(Stored items)
####
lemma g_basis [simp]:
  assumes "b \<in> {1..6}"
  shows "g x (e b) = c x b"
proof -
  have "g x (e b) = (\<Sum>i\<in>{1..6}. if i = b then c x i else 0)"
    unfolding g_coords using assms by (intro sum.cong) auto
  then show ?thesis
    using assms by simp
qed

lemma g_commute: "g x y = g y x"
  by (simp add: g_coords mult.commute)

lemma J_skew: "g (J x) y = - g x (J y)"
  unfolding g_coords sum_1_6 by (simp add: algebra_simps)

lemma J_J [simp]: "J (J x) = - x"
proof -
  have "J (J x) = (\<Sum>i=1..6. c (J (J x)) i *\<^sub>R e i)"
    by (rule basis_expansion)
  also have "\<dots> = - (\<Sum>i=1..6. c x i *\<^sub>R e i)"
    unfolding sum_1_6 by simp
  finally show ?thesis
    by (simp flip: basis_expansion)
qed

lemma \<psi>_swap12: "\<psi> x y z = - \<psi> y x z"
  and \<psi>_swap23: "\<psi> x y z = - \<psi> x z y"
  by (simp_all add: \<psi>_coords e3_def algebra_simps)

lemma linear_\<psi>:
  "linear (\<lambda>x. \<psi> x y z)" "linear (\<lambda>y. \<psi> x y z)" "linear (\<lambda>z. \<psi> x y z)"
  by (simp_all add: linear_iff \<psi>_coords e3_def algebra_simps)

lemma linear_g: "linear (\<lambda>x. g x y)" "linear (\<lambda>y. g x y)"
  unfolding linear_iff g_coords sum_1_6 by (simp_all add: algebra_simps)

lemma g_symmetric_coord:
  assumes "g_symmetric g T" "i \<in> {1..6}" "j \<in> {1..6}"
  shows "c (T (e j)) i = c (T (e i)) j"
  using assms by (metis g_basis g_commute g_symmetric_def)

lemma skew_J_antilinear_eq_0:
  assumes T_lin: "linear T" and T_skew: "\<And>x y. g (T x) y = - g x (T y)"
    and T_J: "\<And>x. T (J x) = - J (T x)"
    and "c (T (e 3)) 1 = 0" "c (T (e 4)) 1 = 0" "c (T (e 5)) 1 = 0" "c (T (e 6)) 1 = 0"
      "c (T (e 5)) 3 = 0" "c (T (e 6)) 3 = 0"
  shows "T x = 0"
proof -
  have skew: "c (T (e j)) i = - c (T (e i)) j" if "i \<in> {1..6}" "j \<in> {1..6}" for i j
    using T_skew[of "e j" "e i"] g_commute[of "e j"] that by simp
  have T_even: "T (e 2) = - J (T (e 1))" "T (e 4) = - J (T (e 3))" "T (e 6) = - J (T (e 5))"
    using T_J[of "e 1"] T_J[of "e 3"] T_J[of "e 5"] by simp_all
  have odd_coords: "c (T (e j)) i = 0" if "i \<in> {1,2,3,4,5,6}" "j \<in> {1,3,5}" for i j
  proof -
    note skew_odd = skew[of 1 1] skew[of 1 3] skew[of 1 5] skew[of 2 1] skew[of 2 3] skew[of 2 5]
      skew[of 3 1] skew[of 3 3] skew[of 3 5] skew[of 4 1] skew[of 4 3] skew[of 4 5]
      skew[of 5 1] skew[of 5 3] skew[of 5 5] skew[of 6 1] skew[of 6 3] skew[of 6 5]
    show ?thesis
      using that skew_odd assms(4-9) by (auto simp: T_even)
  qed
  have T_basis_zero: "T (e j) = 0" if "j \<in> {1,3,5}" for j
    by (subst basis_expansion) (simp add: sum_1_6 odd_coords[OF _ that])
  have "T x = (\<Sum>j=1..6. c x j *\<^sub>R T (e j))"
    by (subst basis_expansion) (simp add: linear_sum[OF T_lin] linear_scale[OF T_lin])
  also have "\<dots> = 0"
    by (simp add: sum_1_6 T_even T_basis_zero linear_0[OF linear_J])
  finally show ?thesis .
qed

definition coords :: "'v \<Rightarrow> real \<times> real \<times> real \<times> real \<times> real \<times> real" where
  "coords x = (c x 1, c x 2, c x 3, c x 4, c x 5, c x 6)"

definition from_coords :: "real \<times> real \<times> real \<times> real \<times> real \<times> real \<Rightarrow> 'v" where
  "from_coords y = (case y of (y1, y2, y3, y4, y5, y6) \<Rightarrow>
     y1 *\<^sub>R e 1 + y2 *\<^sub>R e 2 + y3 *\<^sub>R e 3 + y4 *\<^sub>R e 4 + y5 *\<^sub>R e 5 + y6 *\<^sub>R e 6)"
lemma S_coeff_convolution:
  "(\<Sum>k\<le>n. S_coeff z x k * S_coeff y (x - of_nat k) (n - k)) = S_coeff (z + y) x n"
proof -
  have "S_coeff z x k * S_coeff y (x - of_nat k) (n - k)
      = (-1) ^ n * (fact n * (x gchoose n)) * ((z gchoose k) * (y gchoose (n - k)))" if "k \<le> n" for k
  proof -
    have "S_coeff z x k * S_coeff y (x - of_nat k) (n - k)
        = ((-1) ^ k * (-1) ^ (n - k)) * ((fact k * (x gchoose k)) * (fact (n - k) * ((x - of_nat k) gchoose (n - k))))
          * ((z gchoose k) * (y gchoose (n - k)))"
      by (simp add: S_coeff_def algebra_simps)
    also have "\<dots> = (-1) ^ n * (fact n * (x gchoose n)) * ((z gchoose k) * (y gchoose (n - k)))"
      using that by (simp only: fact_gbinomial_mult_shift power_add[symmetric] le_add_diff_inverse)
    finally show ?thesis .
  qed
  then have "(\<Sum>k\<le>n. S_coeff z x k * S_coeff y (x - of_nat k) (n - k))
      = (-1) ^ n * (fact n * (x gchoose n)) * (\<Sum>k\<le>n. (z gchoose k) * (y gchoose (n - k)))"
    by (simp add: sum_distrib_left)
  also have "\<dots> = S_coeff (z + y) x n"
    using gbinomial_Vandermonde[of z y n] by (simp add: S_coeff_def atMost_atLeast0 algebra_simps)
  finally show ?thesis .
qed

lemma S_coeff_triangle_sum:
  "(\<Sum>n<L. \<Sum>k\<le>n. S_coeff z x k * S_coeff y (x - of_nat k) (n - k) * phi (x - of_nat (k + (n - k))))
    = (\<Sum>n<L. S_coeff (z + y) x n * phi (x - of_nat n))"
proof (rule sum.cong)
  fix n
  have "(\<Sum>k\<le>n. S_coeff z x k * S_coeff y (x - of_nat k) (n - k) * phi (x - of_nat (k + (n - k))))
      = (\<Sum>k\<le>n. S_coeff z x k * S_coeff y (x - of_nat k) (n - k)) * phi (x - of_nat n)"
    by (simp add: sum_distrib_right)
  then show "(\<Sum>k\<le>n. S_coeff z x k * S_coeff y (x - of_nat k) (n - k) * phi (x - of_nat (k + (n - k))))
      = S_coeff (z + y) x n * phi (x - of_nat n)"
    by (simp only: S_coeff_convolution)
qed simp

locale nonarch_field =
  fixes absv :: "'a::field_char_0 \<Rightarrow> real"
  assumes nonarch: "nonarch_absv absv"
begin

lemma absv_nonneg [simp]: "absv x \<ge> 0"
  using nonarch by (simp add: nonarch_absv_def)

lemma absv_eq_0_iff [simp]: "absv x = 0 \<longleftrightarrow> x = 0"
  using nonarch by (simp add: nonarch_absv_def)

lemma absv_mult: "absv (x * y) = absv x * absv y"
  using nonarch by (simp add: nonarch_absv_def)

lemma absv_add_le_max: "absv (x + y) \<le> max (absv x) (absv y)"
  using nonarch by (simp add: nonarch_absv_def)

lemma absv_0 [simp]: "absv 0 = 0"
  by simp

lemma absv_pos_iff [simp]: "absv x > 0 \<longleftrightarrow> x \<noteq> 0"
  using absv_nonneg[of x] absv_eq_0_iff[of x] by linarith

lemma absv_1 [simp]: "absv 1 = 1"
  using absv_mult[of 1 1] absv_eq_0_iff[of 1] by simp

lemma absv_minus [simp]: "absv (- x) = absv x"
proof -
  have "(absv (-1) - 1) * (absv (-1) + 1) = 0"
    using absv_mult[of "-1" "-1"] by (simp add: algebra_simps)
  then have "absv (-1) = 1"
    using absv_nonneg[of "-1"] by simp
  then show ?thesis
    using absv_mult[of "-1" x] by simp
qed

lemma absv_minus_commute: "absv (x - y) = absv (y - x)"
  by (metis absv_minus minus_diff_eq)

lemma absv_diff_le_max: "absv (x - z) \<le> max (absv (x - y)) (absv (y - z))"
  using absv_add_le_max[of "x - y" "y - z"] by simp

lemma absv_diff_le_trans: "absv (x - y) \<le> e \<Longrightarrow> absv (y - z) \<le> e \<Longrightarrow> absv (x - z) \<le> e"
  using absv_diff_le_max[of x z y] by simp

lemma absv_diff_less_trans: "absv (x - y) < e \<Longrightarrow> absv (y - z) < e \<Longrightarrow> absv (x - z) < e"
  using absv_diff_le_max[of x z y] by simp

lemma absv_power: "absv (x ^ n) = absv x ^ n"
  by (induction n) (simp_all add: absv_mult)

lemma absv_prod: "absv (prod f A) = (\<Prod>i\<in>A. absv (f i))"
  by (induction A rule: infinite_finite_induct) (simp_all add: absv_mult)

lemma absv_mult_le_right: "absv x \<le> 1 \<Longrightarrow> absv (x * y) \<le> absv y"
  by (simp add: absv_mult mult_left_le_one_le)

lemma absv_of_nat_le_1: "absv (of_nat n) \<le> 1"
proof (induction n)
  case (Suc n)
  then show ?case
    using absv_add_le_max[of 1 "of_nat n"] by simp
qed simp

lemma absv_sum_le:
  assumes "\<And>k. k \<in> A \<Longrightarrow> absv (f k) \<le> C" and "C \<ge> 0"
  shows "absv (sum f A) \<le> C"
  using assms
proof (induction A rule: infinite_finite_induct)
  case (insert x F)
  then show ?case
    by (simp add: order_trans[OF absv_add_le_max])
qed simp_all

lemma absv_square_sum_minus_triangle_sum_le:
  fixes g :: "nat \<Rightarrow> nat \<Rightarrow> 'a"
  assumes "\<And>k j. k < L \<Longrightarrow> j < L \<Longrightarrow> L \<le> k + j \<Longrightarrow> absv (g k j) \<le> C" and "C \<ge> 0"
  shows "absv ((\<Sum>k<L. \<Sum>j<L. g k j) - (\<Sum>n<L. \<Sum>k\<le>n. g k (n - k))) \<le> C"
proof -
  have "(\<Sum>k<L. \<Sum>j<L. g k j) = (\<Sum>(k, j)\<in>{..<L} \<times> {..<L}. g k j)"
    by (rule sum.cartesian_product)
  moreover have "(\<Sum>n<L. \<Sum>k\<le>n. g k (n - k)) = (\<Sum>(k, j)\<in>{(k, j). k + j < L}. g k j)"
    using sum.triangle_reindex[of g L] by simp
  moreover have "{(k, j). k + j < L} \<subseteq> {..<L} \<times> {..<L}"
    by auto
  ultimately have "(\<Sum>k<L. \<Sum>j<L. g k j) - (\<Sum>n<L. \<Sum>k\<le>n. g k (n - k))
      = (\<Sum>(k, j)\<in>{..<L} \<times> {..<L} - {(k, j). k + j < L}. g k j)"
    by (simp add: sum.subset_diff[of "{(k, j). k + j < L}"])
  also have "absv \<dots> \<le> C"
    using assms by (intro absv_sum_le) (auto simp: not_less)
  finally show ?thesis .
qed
####
*REQUIRED ACTION:* Output, from the data above, the lines from the line with "(of_nat n) \<le>" to the line with "by (rule sum.cartesian_product)" exactly as they stand, both ends included and nothing else.

*REPLY TO THE EXERCISE:*
lemma absv_of_nat_le_1: "absv (of_nat n) \<le> 1"
proof (induction n)
  case (Suc n)
  then show ?case
    using absv_add_le_max[of 1 "of_nat n"] by simp
qed simp

lemma absv_sum_le:
  assumes "\<And>k. k \<in> A \<Longrightarrow> absv (f k) \<le> C" and "C \<ge> 0"
  shows "absv (sum f A) \<le> C"
  using assms
proof (induction A rule: infinite_finite_induct)
  case (insert x F)
  then show ?case
    by (simp add: order_trans[OF absv_add_le_max])
qed simp_all

lemma absv_square_sum_minus_triangle_sum_le:
  fixes g :: "nat \<Rightarrow> nat \<Rightarrow> 'a"
  assumes "\<And>k j. k < L \<Longrightarrow> j < L \<Longrightarrow> L \<le> k + j \<Longrightarrow> absv (g k j) \<le> C" and "C \<ge> 0"
  shows "absv ((\<Sum>k<L. \<Sum>j<L. g k j) - (\<Sum>n<L. \<Sum>k\<le>n. g k (n - k))) \<le> C"
proof -
  have "(\<Sum>k<L. \<Sum>j<L. g k j) = (\<Sum>(k, j)\<in>{..<L} \<times> {..<L}. g k j)"
    by (rule sum.cartesian_product)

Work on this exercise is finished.